------ THE DATA ------
(* Let $A\in\Omega_n$ be non-derogatory and $B\in\mathcal M_n$ with $\kappa_{\Omega_n}(A;B)=0$. Then there is a holomorphic mapping $\varphi:\mathbb C\to\Omega_n$ with $\varphi(0)=A$, $\varphi'(0)=B$, and $sp(\varphi(\lambda))=sp(A)$ for every $\lambda\in\mathbb C$.
   Context: $\mathcal M_n$ is the space of complex $n\times n$ matrices (identified with $\mathbb C^{n^2}$); $sp(A)$ is the spectrum of $A$ and $r(A)$ its spectral radius; $\Omega_n=\{A\in\mathcal M_n: r(A)<1\}$. A matrix is non-derogatory if its characteristic and minimal polynomials coincide. $\mathbb D$ is the open unit disc. For a domain $D\subset\mathbb C^m$, $\kappa_D(z;X)=\inf\{|\alpha|:\exists\varphi\in\mathcal O(\mathbb D,D),\ \varphi(0)=z,\ \alpha\varphi'(0)=X\}$ is the Kobayashi–Royden pseudometric. *)

theory Defs
  imports "HOL-Analysis.Analysis" "Jordan_Normal_Form.Spectral_Radius"
begin

text \<open>Complex n x n matrices are JNF matrices in carrier_mat n n.
  sp(A) is spectrum A (set of eigenvalues), r(A) is spectral_radius A.\<close>

definition Omega :: "nat \<Rightarrow> complex mat set" where
  "Omega n = {A \<in> carrier_mat n n. spectral_radius A < 1}"

definition poly_at_mat :: "complex poly \<Rightarrow> complex mat \<Rightarrow> complex mat" where
  "poly_at_mat p A = mat (dim_row A) (dim_col A)
     (\<lambda>(i,j). \<Sum>k\<le>degree p. coeff p k * (A ^\<^sub>m k) $$ (i,j))"
section \<open>The local contribution\<close>

lemma spin_s_eqI:
  assumes \<Gamma>h: "matgroup \<Gamma>h SU11" "bij_betw eta \<Gamma>h \<Gamma>"
    and free: "\<forall>\<delta>\<in>\<Gamma>. \<delta> *v (eta gh *v e3) = eta gh *v e3 \<longrightarrow> \<delta> = mat 1"
    and gh: "gh \<in> SU11" and \<gamma>h: "\<gamma>h \<in> \<Gamma>h"
    and s: "s \<in> Spin2" "gh ** s = \<gamma>h ** fh ** gh"
  shows "spin_s \<Gamma>h fh gh = s"
  unfolding spin_s_def
proof (rule the_equality)
  have "\<gamma>h \<in> SU11" using \<gamma>h matgroupD(1)[OF \<Gamma>h(1)] by blast
  then have "lcoset \<Gamma>h (\<gamma>h ** (fh ** gh)) = lcoset \<Gamma>h (fh ** gh)"
    using \<Gamma>h(1) \<gamma>h by (simp add: lcoset_mult_member SU11_invertible)
  then show "s \<in> Spin2 \<and> lcoset \<Gamma>h (fh ** gh) = lcoset \<Gamma>h (gh ** s)"
    using s by (simp add: matrix_mul_assoc)
next
  fix s' assume s': "s' \<in> Spin2 \<and> lcoset \<Gamma>h (fh ** gh) = lcoset \<Gamma>h (gh ** s')"
  have "fh ** gh \<in> lcoset \<Gamma>h (fh ** gh)"
    using matgroupD(2)[OF \<Gamma>h(1)] by (force simp: lcoset_def)
  then obtain B where B: "B \<in> \<Gamma>h" "fh ** gh = B ** (gh ** s')"
    using s' by (auto simp: lcoset_def)
  define D where "D = \<gamma>h ** B"
  have D: "D \<in> \<Gamma>h" "D \<in> SU11"
    using matgroupD[OF \<Gamma>h(1)] \<gamma>h B(1) by (auto simp: D_def)
  have "D ** gh ** s' = \<gamma>h ** (B ** (gh ** s'))" by (simp add: D_def matrix_mul_assoc)
  also have "\<dots> = gh ** s" using B(2) s(2) by (metis matrix_mul_assoc)
  finally have D_eq: "D ** gh ** s' = gh ** s" .
  have "s \<in> SU11" "s' \<in> SU11" using s(1) s' Spin2_subset_SU11 by auto
  then have "eta D ** eta gh ** eta s' = eta gh ** eta s"
    using arg_cong[OF D_eq, of eta] D(2) gh by (simp add: eta_mult SU11_mult)
  then have "eta D *v (eta gh *v (eta s' *v e3)) = eta gh *v (eta s *v e3)"
    by (simp add: matrix_vector_mul_assoc matrix_mul_assoc)
  moreover have "eta s *v e3 = e3" "eta s' *v e3 = e3"
    using \<open>s \<in> SU11\<close> \<open>s' \<in> SU11\<close> s(1) s' SU11_fixes_e3_iff by blast+
  ultimately have "eta D *v (eta gh *v e3) = eta gh *v e3" by simp
  moreover have "eta D \<in> \<Gamma>" using \<Gamma>h(2) D(1) by (auto simp: bij_betw_def)
  ultimately have "eta D = eta (mat 1)" using free eta_one by simp
  then have "D = mat 1"
    using \<Gamma>h D(1) matgroupD(2)[OF \<Gamma>h(1)] by (auto simp: bij_betw_def inj_on_def)
  then show "s' = s"
    using D_eq gh by (auto intro: invertible_mult_left_cancel SU11_invertible)
qed
(* For every prime power $q$ and all $k,r,\ell,m\in\mathbb{N}$ such that $k\leq r\leq\ell\leq q/2$, $m(k-1)<r$, and $m(\ell-1)<n:=q-r$, there exists an $[[n,\,k,\,\geq\ell+1-r]]_q$ quantum CSS code $Q$ (with a $Z$ encoding function on $\mathbb{F}_{q^k}$) that is $m$-multiplication-friendly.
   Context: $x*y$ is the componentwise product, $x\cdot y=\sum_ix_iy_i$, $V^\perp$ the dual. A quantum CSS code $\mathrm{CSS}(Q_X,Q_Z)$ of length $n$ over $\mathbb{F}_q$ is a pair of subspaces $Q_X,Q_Z\subseteq\mathbb{F}_q^n$ with $Q_X^\perp\subseteq Q_Z$, of dimension $k=\dim Q_Z-\dim Q_X^\perp$ and distance $\min\{|y|:y\in(Q_X\setminus Q_Z^\perp)\cup(Q_Z\setminus Q_X^\perp)\}$. A $Z$ encoding function is an $\mathbb{F}_q$-linear isomorphism $\mathrm{Enc}_Z:\mathbb{F}_{q^k}\to Q_Z/Q_X^\perp$ (viewing $\mathbb{F}_{q^k}$ as a $k$-dimensional $\mathbb{F}_q$-space). A code $Q=\mathrm{CSS}(Q_X,Q_Z;\mathrm{Enc}_Z)$ is $m$-multiplication-friendly if there is an $\mathbb{F}_q$-linear $\mathrm{Dec}_Z:\mathbb{F}_q^n\to\mathbb{F}_{q^k}$ such that for all $z_1,\dots,z_m\in\mathbb{F}_{q^k}$ and all $z_h'\in\mathrm{Enc}_Z(z_h)$, $z_1z_2\cdots z_m=\mathrm{Dec}_Z(z_1'*\cdots*z_m')$. *)

theory Defs
  imports Complex_Main "HOL-Library.Function_Algebras" "HOL-Library.Cardinality"
begin

text \<open>Vectors of length n over a field are modelled as functions nat => 'a that
vanish at every index >= n (coordinates 0..n-1).\<close>

definition vecs :: "nat \<Rightarrow> (nat \<Rightarrow> 'a::field) set" where
  "vecs n = {v. \<forall>i\<ge>n. v i = 0}"

definition vscale :: "'a::field \<Rightarrow> (nat \<Rightarrow> 'a) \<Rightarrow> (nat \<Rightarrow> 'a)" where
  "vscale c v = (\<lambda>i. c * v i)"

definition is_subspace :: "nat \<Rightarrow> (nat \<Rightarrow> 'a::field) set \<Rightarrow> bool" where
  "is_subspace n V \<longleftrightarrow> V \<subseteq> vecs n \<and> 0 \<in> V \<and>
     (\<forall>x\<in>V. \<forall>y\<in>V. x + y \<in> V) \<and> (\<forall>c. \<forall>x\<in>V. vscale c x \<in> V)"

definition sdim :: "(nat \<Rightarrow> 'a::field) set \<Rightarrow> nat" where
  "sdim V = vector_space.dim (vscale :: 'a \<Rightarrow> _) V"

definition dotp :: "nat \<Rightarrow> (nat \<Rightarrow> 'a::field) \<Rightarrow> (nat \<Rightarrow> 'a) \<Rightarrow> 'a" where
  "dotp n x y = (\<Sum>i<n. x i * y i)"

definition dual :: "nat \<Rightarrow> (nat \<Rightarrow> 'a::field) set \<Rightarrow> (nat \<Rightarrow> 'a) set" where
  "dual n V = {y \<in> vecs n. \<forall>x\<in>V. dotp n x y = 0}"

definition hweight :: "nat \<Rightarrow> (nat \<Rightarrow> 'a::zero) \<Rightarrow> nat" where
  "hweight n x = card {i. i < n \<and> x i \<noteq> 0}"

definition is_css :: "nat \<Rightarrow> (nat \<Rightarrow> 'a::field) set \<Rightarrow> (nat \<Rightarrow> 'a) set \<Rightarrow> bool" where
  "is_css n QX QZ \<longleftrightarrow> is_subspace n QX \<and> is_subspace n QZ \<and> dual n QX \<subseteq> QZ"

definition css_dim :: "nat \<Rightarrow> (nat \<Rightarrow> 'a::field) set \<Rightarrow> (nat \<Rightarrow> 'a) set \<Rightarrow> nat" where
  "css_dim n QX QZ = sdim QZ - sdim (dual n QX)"

definition css_dist :: "nat \<Rightarrow> (nat \<Rightarrow> 'a::field) set \<Rightarrow> (nat \<Rightarrow> 'a) set \<Rightarrow> nat" where
  "css_dist n QX QZ = Min (hweight n ` ((QX - dual n QZ) \<union> (QZ - dual n QX)))"

definition coset :: "(nat \<Rightarrow> 'a::field) set \<Rightarrow> (nat \<Rightarrow> 'a) \<Rightarrow> (nat \<Rightarrow> 'a) set" where
  "coset W x = {x + w | w. w \<in> W}"

definition quot :: "nat \<Rightarrow> (nat \<Rightarrow> 'a::field) set \<Rightarrow> (nat \<Rightarrow> 'a) set \<Rightarrow> (nat \<Rightarrow> 'a) set set" where
  "quot n QX QZ = coset (dual n QX) ` QZ"

text \<open>Z encoding function: an F_q-linear isomorphism F_{q^k} -> Q_Z/Q_X^perp.
  The field F_{q^k} is a type 'b with an embedding emb : F_q -> F_{q^k}, which makes it an
  F_q-vector space via (c, z) |-> emb c * z.  Quotient operations are the usual
  representative-wise ones.\<close>
definition is_enc_Z ::
  "('a::field \<Rightarrow> 'b::field) \<Rightarrow> nat \<Rightarrow> (nat \<Rightarrow> 'a) set \<Rightarrow> (nat \<Rightarrow> 'a) set \<Rightarrow> ('b \<Rightarrow> (nat \<Rightarrow> 'a) set) \<Rightarrow> bool" where
  "is_enc_Z emb n QX QZ Enc \<longleftrightarrow>
     bij_betw Enc UNIV (quot n QX QZ) \<and>
     (\<forall>a b x y. x \<in> Enc a \<longrightarrow> y \<in> Enc b \<longrightarrow> x + y \<in> Enc (a + b)) \<and>
     (\<forall>c a x. x \<in> Enc a \<longrightarrow> vscale c x \<in> Enc (emb c * a))"

definition mult_friendly ::
  "('a::field \<Rightarrow> 'b::field) \<Rightarrow> nat \<Rightarrow> nat \<Rightarrow> ('b \<Rightarrow> (nat \<Rightarrow> 'a) set) \<Rightarrow> bool" where
  "mult_friendly emb n m Enc \<longleftrightarrow>
     (\<exists>Dec :: (nat \<Rightarrow> 'a) \<Rightarrow> 'b.
        (\<forall>x\<in>vecs n. \<forall>y\<in>vecs n. Dec (x + y) = Dec x + Dec y) \<and>
        (\<forall>c. \<forall>x\<in>vecs n. Dec (vscale c x) = emb c * Dec x) \<and>
        (\<forall>(z :: nat \<Rightarrow> 'b) (z' :: nat \<Rightarrow> nat \<Rightarrow> 'a).
           (\<forall>h<m. z' h \<in> Enc (z h)) \<longrightarrow>
           (\<Prod>h<m. z h) = Dec (\<lambda>i. if i < n then (\<Prod>h<m. z' h i) else 0)))"

definition field_emb :: "('a::field \<Rightarrow> 'b::field) \<Rightarrow> bool" where
  "field_emb emb \<longleftrightarrow> emb 1 = 1 \<and> (\<forall>x y. emb (x + y) = emb x + emb y) \<and>
     (\<forall>x y. emb (x * y) = emb x * emb y)"

end

theory Submission
  imports Defs "HOL-Computational_Algebra.Polynomial" "HOL-Algebra.Multiplicative_Group"
begin

text \<open>Let \<open>\<theta>\<close> be a primitive element of \<open>\<bbbF>\<^sub>q\<^sub>\<^sup>k\<close>, so that \<open>f \<mapsto> f(\<theta>)\<close> maps the polynomials of
  degree \<open>< k\<close> over \<open>\<bbbF>\<^sub>q\<close> onto \<open>\<bbbF>\<^sub>q\<^sub>\<^sup>k\<close>, and choose \<open>n = q - r\<close> distinct points of \<open>\<bbbF>\<^sub>q\<close>, none of which
  embeds as \<open>\<theta>\<close>. Take \<open>Q\<^sub>Z\<close> to be the Reed--Solomon code of evaluations of polynomials of degree \<open>< l\<close>,
  \<open>Q\<^sub>X\<^sup>\<perp>\<close> its subcode of polynomials vanishing at \<open>\<theta>\<close>, and let \<open>Enc z\<close> consist of the evaluations
  of polynomials with value \<open>z\<close> at \<open>\<theta>\<close>. Nonzero words of \<open>Q\<^sub>Z\<close> have weight \<open>\<ge> n + 1 - l\<close> by
  counting roots, and nonzero words orthogonal to \<open>Q\<^sub>X\<^sup>\<perp>\<close> have weight \<open>\<ge> l + 1 - k\<close>, since such a
  word can be tested against a multiple of a degree \<open>\<le> k\<close> polynomial vanishing at \<open>\<theta>\<close>. The
  coordinatewise product of \<open>m\<close> codewords is the evaluation of the product polynomial, of
  degree \<open>\<le> m(l - 1) < n\<close>; Lagrange interpolation recovers it, and evaluating at \<open>\<theta>\<close> gives the
  product of the encoded elements.\<close>

section \<open>Coordinate vectors and dual codes\<close>

interpretation vs: vector_space "vscale :: 'a::field \<Rightarrow> (nat \<Rightarrow> 'a) \<Rightarrow> (nat \<Rightarrow> 'a)"
  by unfold_locales (auto simp: vscale_def fun_eq_iff algebra_simps)

interpretation vsp: vector_space_pair "vscale :: 'a::field \<Rightarrow> (nat \<Rightarrow> 'a) \<Rightarrow> (nat \<Rightarrow> 'a)"
  "vscale :: 'a::field \<Rightarrow> (nat \<Rightarrow> 'a) \<Rightarrow> (nat \<Rightarrow> 'a)"
  by unfold_locales

lemma vscale_apply [simp]: "vscale c v i = c * v i"
  by (simp add: vscale_def)

lemma sum_fun_apply: "(\<Sum>j\<in>A. (F j :: nat \<Rightarrow> 'a::comm_monoid_add)) i = (\<Sum>j\<in>A. F j i)"
  by (induction A rule: infinite_finite_induct) auto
------
- [YOUR INSTRUCTIONS]
In the entries above, some lines hold the string "ultimately". Copy each of them.

- [RESULT BELOW]
  ultimately have "eta D *v (eta gh *v e3) = eta gh *v e3" by simp
  ultimately have "eta D = eta (mat 1)" using free eta_one by simp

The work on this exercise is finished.